„Das derzeitige Wachstumsmodell der russischen Wirtschaft hat sich erschöpft. Für die weitere Entwicklung brauchen wir den Sprung auf die nächste technologische Stufe”, sagte Maxim Oreschkin, stellvertretender Leiter der Präsidialverwaltung und ehemaliger Wirtschaftsminister, in einem Interview mit der Zeitschrift Experte.

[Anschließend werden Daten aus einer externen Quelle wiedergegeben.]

theorem mainTheorem20:
  fixes P :: "'a set" and le :: "'a \<Rightarrow> 'a \<Rightarrow> bool" and rk :: "'a \<Rightarrow> nat"
    and P' :: "'b set" and le' :: "'b \<Rightarrow> 'b \<Rightarrow> bool" and rk' :: "'b \<Rightarrow> nat"
  assumes "finite P" and "is_poset P le" and "graded P le" and "is_rank_fun P le rk"
    and "finite P'" and "is_poset P' le'" and "graded P' le'" and "is_rank_fun P' le' rk'"
    and "\<forall>a :: nat list. sorted_wrt (<) a \<longrightarrow> flag_f P le rk a = flag_f P' le' rk' a"
  shows "qZeta P le rk = qZeta P' le' rk'"
proof (rule qZeta_cong)
  interpret P: finite_poset_height P le rk
    using assms(1,2,4) by (simp add: finite_poset_height_def rank_fun_is_height)
  interpret P': finite_poset_height P' le' rk'
    using assms(5,6,8) by (simp add: finite_poset_height_def rank_fun_is_height)
  have fibres:
    "card (multichains_with_ranks P le rk r) = card (multichains_with_ranks P' le' rk' r)" for r
    using assms(9) sorted_wrt_less_remdups_adj
    by (auto simp: P.card_multichains_with_ranks P'.card_multichains_with_ranks)
  define N where "N = Max (rk ` P) + Max (rk' ` P')"
  have "\<forall>x\<in>P. rk x \<le> N" "\<forall>x\<in>P'. rk' x \<le> N"
    using assms(1,5) by (auto simp: N_def trans_le_add1 trans_le_add2)
  then show "(\<Sum>es\<in>multichains P le m. qvar ^ sum_list (map rk es)) =
             (\<Sum>es\<in>multichains P' le' m. qvar ^ sum_list (map rk' es))" for m
    using assms(1,5)
    by (simp add: sum_multichains_group_by_ranks[where f = "\<lambda>r. qvar ^ sum_list r"] fibres)
qed

end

Russlands Wirtschaft entwickelt sich aktiv, was vor allem darauf zurückzuführen ist, dass „das schlummernde, ungenutzte Potenzial“, vor allem die Humanressourcen und die Produktion, aktiviert wurde. „Dieses Wachstumsmodell hat sich jedoch erschöpft“, so der hohe Kremlbeamte.
„Eine so niedrige Arbeitslosenquote wie in Russland finden Sie in keinem großen Land der Welt. Auch die Auslastung der vorhandenen Kapazitäten ist recht hoch“, sagte er im Vorfeld des Internationalen Wirtschaftsforums in St. Petersburg.
Laut Oreschkin muss die Wirtschaft, damit die Entwicklung weitergeht, „nicht einen Schritt nach vorne, sondern nach oben machen, auf die nächste technologische und organisatorische Stufe“.
Nach Angaben von Rosstat ist die Arbeitslosenquote in Russland seit Januar 2024 kontinuierlich gesunken und hat einen historischen Tiefstand erreicht. Im Januar 2025 verzeichnete sie jedoch zum ersten Mal seit Ende 2023 ein Wachstum: Sie lag bei 2,4 Prozent gegenüber 2,3 Prozent im Dezember (nicht saisonbereinigt).
Oreschkin sagte, dass die niedrige Arbeitslosigkeit ein weltweiter Trend sei, der „jetzt für immer bei uns ist”. Seiner Meinung nach spiegelt die Art und Weise, wie die Arbeitslosenquote berechnet wird, immer weniger die Situation in der Wirtschaft wider, da sich auch die Form der Beschäftigung wandelt: „Die Arbeit wird weniger prozess- und mehr projektbasiert, d. h. ad hoc.”
Im weiteren Verlauf des Interviews geht er auf die Auswirkungen digitaler Plattformen auf die wirtschaftliche Umstrukturierung ein. Seiner Meinung nach haben Plattformen einen positiven Einfluss auf die Wirtschaft und es besteht keine Notwendigkeit, sie zu regulieren. „Es ist wichtig, ein Gleichgewicht zwischen Regeln und Raum für Wachstum zu wahren”, so Oreschkin.
Russlands BIP ist laut der Statistik-Behörde Rosstat 2024 um 4,3 Prozent gewachsen. Laut der Aprilprognose des Wirtschaftsministeriums wird die Wirtschaft 2025 um 2,5 Prozent und 2026 um 2,4 Prozent wachsen. Für die nächsten beiden Jahre werden 2,8 bzw. 3 Prozent erwartet. Das konservative Szenario, das eskalierende Handelskonflikte und eine sich verlangsamende Weltwirtschaft berücksichtigt, sagt voraus, dass das BIP-Wachstum 2025 bei 1,8 Prozent und 2026 bei 1,2 Prozent liegen wird. In den Jahren 2027–2028 soll es sich dann auf 2,3 bzw. 2,9 Prozent beschleunigen.
Auch die Regierung und die Zentralbank prognostizieren, dass das russische BIP-Wachstum bis Ende 2025 niedriger ausfallen wird als im vergangenen Jahr. Präsident Wladimir Putin hält eine Abkühlung der russischen Wirtschaft für unvermeidlich. Er rief aber dazu auf, „sehr vorsichtig” zu handeln und eine „übermäßige Abkühlung wie in einer Kältekammer” zu vermeiden.
Putins Sprecher Dimitri kommentierte die Äußerungen zum erschöpften Wachstumsmodell der Wirtschaft mit der Zusicherung, „rechtzeitig Maßnahmen zu ergreifen, um das Tempo der wirtschaftlichen Entwicklung Russlands aufrechtzuerhalten“. Die Regierung und die Präsidialverwaltung diskutieren aktiv über Ansätze zur Entwicklung der russischen Wirtschaft, aber es gibt „verschiedene Nuancen” in dieser Frage, so Peskow gegenüber der Zeitung RBK.